### How to complete this task
Read through the lines below and copy the ones holding the string "presburger".

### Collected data

════

(* Let $p={\rm char}(\mathbb{F}_q)>3$ and let $k$ be a positive integer. Then, as polynomials in $\mathbb{F}_q[x]$, $$2^{p^k}D_{p^k,3}(1,x)+1=3(1-4x)^{\frac{p^k-1}{2}}.$$
   Context: $q=p^e$ with $p>3$ prime. For $n\ge 1$ and $a\in\mathbb{F}_q$, $D_{n,3}(a,x)=\sum_{i=0}^{\lfloor n/2\rfloor}\frac{n-3i}{n-i}\binom{n-i}{i}(-x)^i a^{n-2i}\in\mathbb{F}_q[x]$, where each coefficient $\frac{n-3i}{n-i}\binom{n-i}{i}$ is an integer read modulo $p$; and $D_{0,3}(a,x)=-1$. *)

theory Defs
  imports "HOL-Computational_Algebra.Polynomial"
begin

text \<open>Integer coefficient (n-3i)/(n-i) * binom(n-i,i); the division is exact for
  1 <= n and i <= n div 2.\<close>
definition dickson3_coeff :: "nat \<Rightarrow> nat \<Rightarrow> int" where
  "dickson3_coeff n i = ((int n - 3 * int i) * int ((n - i) choose i)) div int (n - i)"

definition D3 :: "nat \<Rightarrow> 'a::field \<Rightarrow> 'a poly" where
  "D3 n a = (if n = 0 then - 1 else
     (\<Sum>i\<in>{0..n div 2}. smult (of_int (dickson3_coeff n i) * a ^ (n - 2 * i)) ([:0, -1:] ^ i)))"

end

theory Submission
  imports Defs "HOL-Computational_Algebra.Primes"
begin

text \<open>
  The coefficients of D_{n,3}(1,x) are (-1)^i (C(n-i,i) - 2 C(n-i-1,i-1)), hence
  D_{n,3}(1,x) = E_n + 2x E_{n-2}, where E_n are the Dickson polynomials of the second kind,
  E_{n+2} = E_{n+1} - x E_n. Split (1 + t)^n = G_n(t^2) + t O_n(t^2); Pascal's rule shows that
  O_{n+1}(1 - 4x) satisfies the recurrence of 2^n E_n, so over any field
  2^n D_{n,3}(1,x) = 4 O_n(1 - 4x) - O_{n+1}(1 - 4x). In odd characteristic p,
  (1 + t)^{p^k} = 1 + t^{p^k}, hence O_{p^k}(y) = y^{(p^k-1)/2}, G_{p^k}(y) = 1 and
  O_{p^k+1} = O_{p^k} + G_{p^k}, which turns the right-hand side into 3 y^{(p^k-1)/2} - 1.
\<close>

lemma coeff_one_linear_poly_power:
  "coeff ([:1, c:] ^ n) j = of_nat (n choose j) * (c ^ j :: 'a::comm_semiring_1)"
proof (cases "j \<le> n")
  case True
  then show ?thesis by (simp add: coeff_linear_poly_power)
next
  case False
  have "degree [:1, c:] \<le> 1"
    by (rule order_trans[OF degree_pCons_le]) simp
  then have "degree ([:1, c:] ^ n) \<le> n"
    using degree_power_le[of "[:1, c:]" n] mult_le_mono1[of "degree [:1, c:]" 1 n] by linarith
  with False show ?thesis
    by (simp add: coeff_eq_0 binomial_eq_0)
qed

lemma of_nat_CHAR_power_choose:
  assumes "prime CHAR('a::comm_semiring_1)"
  shows "of_nat (CHAR('a) ^ k choose j) = (if j = 0 \<or> j = CHAR('a) ^ k then 1 else (0::'a))"
proof -
  have "[:1, 1:] ^ CHAR('a) ^ k = (monom (1::'a) 1 + 1) ^ CHAR('a) ^ k"
    by (simp add: monom_altdef one_pCons)
  also have "\<dots> = monom 1 (CHAR('a) ^ k) + 1"
    using assms by (simp add: freshmans_dream' monom_power)
  finally have "coeff ([:1, 1:] ^ CHAR('a) ^ k) j = coeff (monom (1::'a) (CHAR('a) ^ k) + 1) j"
    by simp
  then show ?thesis
    using assms prime_gt_0_nat by (auto simp: coeff_one_linear_poly_power coeff_monom coeff_1)
qed

text \<open>(1 + t)^n = binomial_even_part n (t^2) + t * binomial_odd_part n (t^2)\<close>

definition binomial_even_part :: "nat \<Rightarrow> 'a::comm_semiring_1 \<Rightarrow> 'a" where
  "binomial_even_part n y = (\<Sum>l\<le>n. of_nat (n choose (2 * l)) * y ^ l)"

definition binomial_odd_part :: "nat \<Rightarrow> 'a::comm_semiring_1 \<Rightarrow> 'a" where
  "binomial_odd_part n y = (\<Sum>l\<le>n. of_nat (n choose (2 * l + 1)) * y ^ l)"

lemma binomial_even_part_0 [simp]: "binomial_even_part 0 y = 1"
  by (simp add: binomial_even_part_def)

lemma binomial_odd_part_0 [simp]: "binomial_odd_part 0 y = 0"
  by (simp add: binomial_odd_part_def)

lemma binomial_odd_part_Suc:
  "binomial_odd_part (Suc n) y = binomial_odd_part n y + binomial_even_part n y"
  by (simp add: binomial_odd_part_def binomial_even_part_def binomial_eq_0
      distrib_right sum.distrib add.commute)

lemma binomial_even_part_Suc:
  "binomial_even_part (Suc n) y = binomial_even_part n y + y * binomial_odd_part n y"
proof -
  have "binomial_even_part n y = (\<Sum>l\<le>Suc n. of_nat (n choose (2 * l)) * y ^ l)"
    by (simp add: binomial_even_part_def binomial_eq_0)
  also have "\<dots> = 1 + (\<Sum>l\<le>n. of_nat (n choose (2 * l + 2)) * y ^ Suc l)"
    by (subst sum.atMost_Suc_shift) simp
  finally have even: "binomial_even_part n y
      = 1 + (\<Sum>l\<le>n. of_nat (n choose (2 * l + 2)) * y ^ Suc l)" .
  have odd: "y * binomial_odd_part n y = (\<Sum>l\<le>n. of_nat (n choose (2 * l + 1)) * y ^ Suc l)"
    by (simp add: binomial_odd_part_def sum_distrib_left mult_ac)
  have "binomial_even_part (Suc n) y
      = 1 + (\<Sum>l\<le>n. of_nat ((n choose (2 * l + 1)) + (n choose (2 * l + 2))) * y ^ Suc l)"
    unfolding binomial_even_part_def by (subst sum.atMost_Suc_shift) simp
  then show ?thesis
    using even odd by (simp add: distrib_right sum.distrib add_ac)
qed

lemma binomial_odd_part_Suc_Suc:
  "binomial_odd_part (Suc (Suc n)) y
     = 2 * binomial_odd_part (Suc n) y - (1 - y) * binomial_odd_part n (y :: 'a::comm_ring_1)"
  by (simp add: binomial_odd_part_Suc binomial_even_part_Suc algebra_simps)

lemma binomial_parts_CHAR_power:
  assumes "prime CHAR('a::comm_semiring_1)" and "odd CHAR('a)"
  shows "binomial_odd_part (CHAR('a) ^ k) y = y ^ ((CHAR('a) ^ k - 1) div 2)"
    and "binomial_even_part (CHAR('a) ^ k) y = (1::'a)"
proof -
  have "odd (CHAR('a) ^ k)"
    using assms(2) by simp
  then obtain m where m: "CHAR('a) ^ k = 2 * m + 1"
    using oddE by blast
  have "binomial_odd_part (CHAR('a) ^ k) y = (\<Sum>l\<le>CHAR('a) ^ k. if l = m then y ^ l else 0)"
    unfolding binomial_odd_part_def
  proof (rule sum.cong)
    show "of_nat (CHAR('a) ^ k choose (2 * l + 1)) * y ^ l = (if l = m then y ^ l else 0)" for l
      unfolding of_nat_CHAR_power_choose[OF assms(1)] unfolding m by simp
  qed simp
  then show "binomial_odd_part (CHAR('a) ^ k) y = y ^ ((CHAR('a) ^ k - 1) div 2)"
    using m by simp
  have "binomial_even_part (CHAR('a) ^ k) y = (\<Sum>l\<le>CHAR('a) ^ k. if l = 0 then 1 else 0)"
    unfolding binomial_even_part_def
  proof (rule sum.cong)
    fix l
    have "2 * l \<noteq> 2 * m + 1"
      by presburger
    then show "of_nat (CHAR('a) ^ k choose (2 * l)) * y ^ l = (if l = 0 then 1 else 0)"
      unfolding of_nat_CHAR_power_choose[OF assms(1)] unfolding m by simp
  qed simp
  then show "binomial_even_part (CHAR('a) ^ k) y = 1"
    by simp
qed

fun dickson_second_kind :: "nat \<Rightarrow> 'a::comm_ring_1 \<Rightarrow> 'a" where
  "dickson_second_kind 0 x = 1"
| "dickson_second_kind (Suc 0) x = 1"
| "dickson_second_kind (Suc (Suc n)) x = dickson_second_kind (Suc n) x - x * dickson_second_kind n x"

lemma two_power_mult_dickson_second_kind:
  "2 ^ n * dickson_second_kind n x = binomial_odd_part (Suc n) (1 - 4 * x)"
proof (induction n x rule: dickson_second_kind.induct)
  case (1 x)
  then show ?case by (simp add: binomial_odd_part_Suc)
next
  case (2 x)
  then show ?case by (simp add: binomial_odd_part_Suc binomial_even_part_Suc)
next
  case (3 n x)
  have "2 ^ Suc (Suc n) * dickson_second_kind (Suc (Suc n)) x
      = 2 * (2 ^ Suc n * dickson_second_kind (Suc n) x) - 4 * x * (2 ^ n * dickson_second_kind n x)"
    by (simp add: algebra_simps)
  also have "\<dots> = binomial_odd_part (Suc (Suc (Suc n))) (1 - 4 * x)"
    by (simp only: 3 binomial_odd_part_Suc_Suc[of "Suc n"]) simp
  finally show ?case .
qed

lemma coeff_dickson_second_kind:
  "coeff (dickson_second_kind n [:0, 1:]) i = (-1) ^ i * of_nat ((n - i) choose i)"
proof (induction n "[:0, 1::'a::comm_ring_1:]" arbitrary: i rule: dickson_second_kind.induct)
  case 1
  then show ?case by (cases i) simp_all
next
  case 2
  then show ?case by (cases i) simp_all
next
  case (3 n)
  show ?case
  proof (cases i)
    case 0
    then show ?thesis using 3 by simp
  next
    case (Suc j)
    have pascal: "(Suc n - j) choose Suc j = ((n - j) choose Suc j) + ((n - j) choose j)"
      by (cases "j \<le> n") (simp_all add: Suc_diff_le binomial_eq_0)
    show ?thesis
      using 3 by (simp add: Suc pascal algebra_simps)
  qed
qed

lemma dickson3_coeff_0: "n > 0 \<Longrightarrow> dickson3_coeff n 0 = 1"
  unfolding dickson3_coeff_def by simp

lemma dickson3_coeff_Suc:
  assumes "2 * Suc j \<le> n"
  shows "dickson3_coeff n (Suc j) = int ((n - Suc j) choose Suc j) - 2 * int ((n - 2 - j) choose j)"
proof -
  obtain N where N: "n - Suc j = Suc N"
    using assms gr0_implies_Suc[of "n - Suc j"] by auto
  then have "n - 2 - j = N"
    by simp
  have "(n - Suc j) * ((n - 2 - j) choose j) = ((n - Suc j) choose Suc j) * Suc j"
    unfolding N \<open>n - 2 - j = N\<close> by (rule Suc_times_binomial_eq)
  then have "int (n - Suc j) * int ((n - 2 - j) choose j) = int ((n - Suc j) choose Suc j) * int (Suc j)"
    by (simp only: of_nat_mult[symmetric])
  moreover have "int (n - Suc j) = int n - int (Suc j)"
    using assms by simp
  ultimately have "(int n - 3 * int (Suc j)) * int ((n - Suc j) choose Suc j)
      = int (n - Suc j) * (int ((n - Suc j) choose Suc j) - 2 * int ((n - 2 - j) choose j))"
    by (simp add: algebra_simps)
  moreover have "int (n - Suc j) \<noteq> 0"
    using N by simp
  ultimately show ?thesis
    unfolding dickson3_coeff_def by simp
qed

lemma coeff_D3:
  assumes "n > 0"
  shows "coeff (D3 n (1::'a::field)) i
           = (if i \<le> n div 2 then of_int (dickson3_coeff n i) * (-1) ^ i else 0)"
proof -
  have "[:0, -1:] = monom (-1::'a) 1"
    by (simp add: monom_Suc monom_0)
  then have "coeff (D3 n (1::'a)) i
      = (\<Sum>l\<in>{0..n div 2}. of_int (dickson3_coeff n l) * (if l = i then (-1) ^ l else 0))"
    using assms unfolding D3_def by (simp add: coeff_sum monom_power)
  also have "\<dots> = (\<Sum>l\<in>{0..n div 2}. if l = i then of_int (dickson3_coeff n i) * (-1) ^ i else 0)"
    by (intro sum.cong) auto
  finally show ?thesis
    by simp
qed

lemma D3_eq_dickson_second_kind:
  assumes "2 \<le> n"
  shows "D3 n (1::'a::field)
           = dickson_second_kind n [:0, 1:] + 2 * [:0, 1:] * dickson_second_kind (n - 2) [:0, 1:]"
proof (rule poly_eqI)
  fix i
  have coeff_two_X_mult: "coeff (2 * [:0, 1:] * q) i = (case i of 0 \<Rightarrow> 0 | Suc j \<Rightarrow> 2 * coeff q j)"
    for q :: "'a poly"
  proof -
    have "2 * [:0, 1:] * q = pCons 0 (smult 2 q)"
      by (simp add: numeral_poly)
    then show ?thesis
      by (simp split: nat.split)
  qed
  have rhs: "coeff (dickson_second_kind n [:0, 1::'a:] + 2 * [:0, 1:] * dickson_second_kind (n - 2) [:0, 1:]) i
      = (-1) ^ i * of_nat ((n - i) choose i)
        + (case i of 0 \<Rightarrow> 0 | Suc j \<Rightarrow> 2 * ((-1) ^ j * of_nat ((n - 2 - j) choose j)))"
    by (simp only: coeff_add coeff_two_X_mult coeff_dickson_second_kind)
  have "coeff (D3 n (1::'a)) i
      = (-1) ^ i * of_nat ((n - i) choose i)
        + (case i of 0 \<Rightarrow> 0 | Suc j \<Rightarrow> 2 * ((-1) ^ j * of_nat ((n - 2 - j) choose j)))"
  proof (cases i)
    case 0
    then show ?thesis
      using assms by (simp add: coeff_D3 dickson3_coeff_0)
  next
    case (Suc j)
    show ?thesis
    proof (cases "2 * Suc j \<le> n")
      case True
      then have "Suc j \<le> n div 2"
        by presburger
      with True show ?thesis
        using assms by (simp add: Suc coeff_D3 dickson3_coeff_Suc algebra_simps)
    next
      case False
      then have "\<not> Suc j \<le> n div 2" "n - Suc j < Suc j" "n - 2 - j < j"
        using assms by presburger+
      then show ?thesis
        using assms by (simp add: Suc coeff_D3 binomial_eq_0)
    qed
  qed
  then show "coeff (D3 n (1::'a)) i
      = coeff (dickson_second_kind n [:0, 1:] + 2 * [:0, 1:] * dickson_second_kind (n - 2) [:0, 1:]) i"
    unfolding rhs .
qed

lemma two_power_mult_D3:
  assumes "2 \<le> n"
  shows "2 ^ n * D3 n (1::'a::field)
           = 4 * binomial_odd_part n (1 - 4 * [:0, 1:]) - binomial_odd_part (Suc n) (1 - 4 * [:0, 1:])"
proof -
  obtain m where n: "n = Suc (Suc m)"
    using assms by (metis add_2_eq_Suc le_Suc_ex)
  define X :: "'a poly" where "X = [:0, 1:]"
  define y where "y = 1 - 4 * X"
  have "n - 2 = m"
    using n by simp
  have D3_eq: "D3 n (1::'a) = dickson_second_kind n X + 2 * X * dickson_second_kind m X"
    using D3_eq_dickson_second_kind[where 'a = 'a, OF assms, unfolded \<open>n - 2 = m\<close>, folded X_def] .
  have "(2::'a poly) ^ n = 4 * 2 ^ m"
    using n by simp
  then have "2 ^ n * D3 n (1::'a)
      = 2 ^ n * dickson_second_kind n X + 2 * (4 * X) * (2 ^ m * dickson_second_kind m X)"
    unfolding D3_eq distrib_left by (simp only: mult_ac)
  also have "\<dots> = binomial_odd_part (Suc n) y + 2 * (4 * X) * binomial_odd_part (Suc m) y"
    by (simp only: two_power_mult_dickson_second_kind y_def)
  also have "\<dots> = 4 * binomial_odd_part n y - binomial_odd_part (Suc n) y"
  proof -
    have recurrence: "binomial_odd_part (Suc n) y
        = 2 * binomial_odd_part n y - (1 - y) * binomial_odd_part (Suc m) y"
      using binomial_odd_part_Suc_Suc[of "Suc m" y] by (simp only: n)
    have "1 - y = 4 * X"
      by (simp add: y_def)
    show ?thesis
      unfolding recurrence \<open>1 - y = 4 * X\<close> by (simp add: algebra_simps)
  qed
  finally show ?thesis
    by (simp only: y_def X_def)
qed

theorem proposition2p7:
  fixes p k :: nat
  assumes "CHAR('a::{field,finite}) = p" and "p > 3" and "k > 0"
  shows "(2::'a poly) ^ (p ^ k) * D3 (p ^ k) (1::'a) + 1
           = 3 * ([:1, -4:] :: 'a poly) ^ ((p ^ k - 1) div 2)"
proof -
  have "CHAR('a) > 0"
    by (rule finite_imp_CHAR_pos) simp
  then have "prime p"
    using assms(1) prime_CHAR_semidom by blast
  moreover have "odd p"
    using prime_odd_nat[OF \<open>prime p\<close>] assms(2) by simp
  ultimately have odd_part: "binomial_odd_part (p ^ k) y = y ^ ((p ^ k - 1) div 2)"
    and even_part: "binomial_even_part (p ^ k) y = 1" for y :: "'a poly"
    using binomial_parts_CHAR_power[where 'a = "'a poly"] assms(1) by simp_all
  have "2 \<le> p ^ k"
    using self_le_power[of p k] assms(2,3) by linarith
  have "[:1, -4:] = 1 - 4 * [:0, 1::'a:]"
    by (simp add: numeral_poly one_pCons)
  then have "(2::'a poly) ^ (p ^ k) * D3 (p ^ k) 1
      = 4 * binomial_odd_part (p ^ k) [:1, -4:] - binomial_odd_part (Suc (p ^ k)) [:1, -4:]"
    using two_power_mult_D3[OF \<open>2 \<le> p ^ k\<close>, where 'a = 'a] by simp
  also have "\<dots> = 3 * [:1, -4:] ^ ((p ^ k - 1) div 2) - 1"
    by (simp add: binomial_odd_part_Suc odd_part even_part algebra_simps)
  finally show ?thesis
    by simp
qed

end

════

### Answer for this exercise
      by presburger
        by presburger
        using assms by presburger+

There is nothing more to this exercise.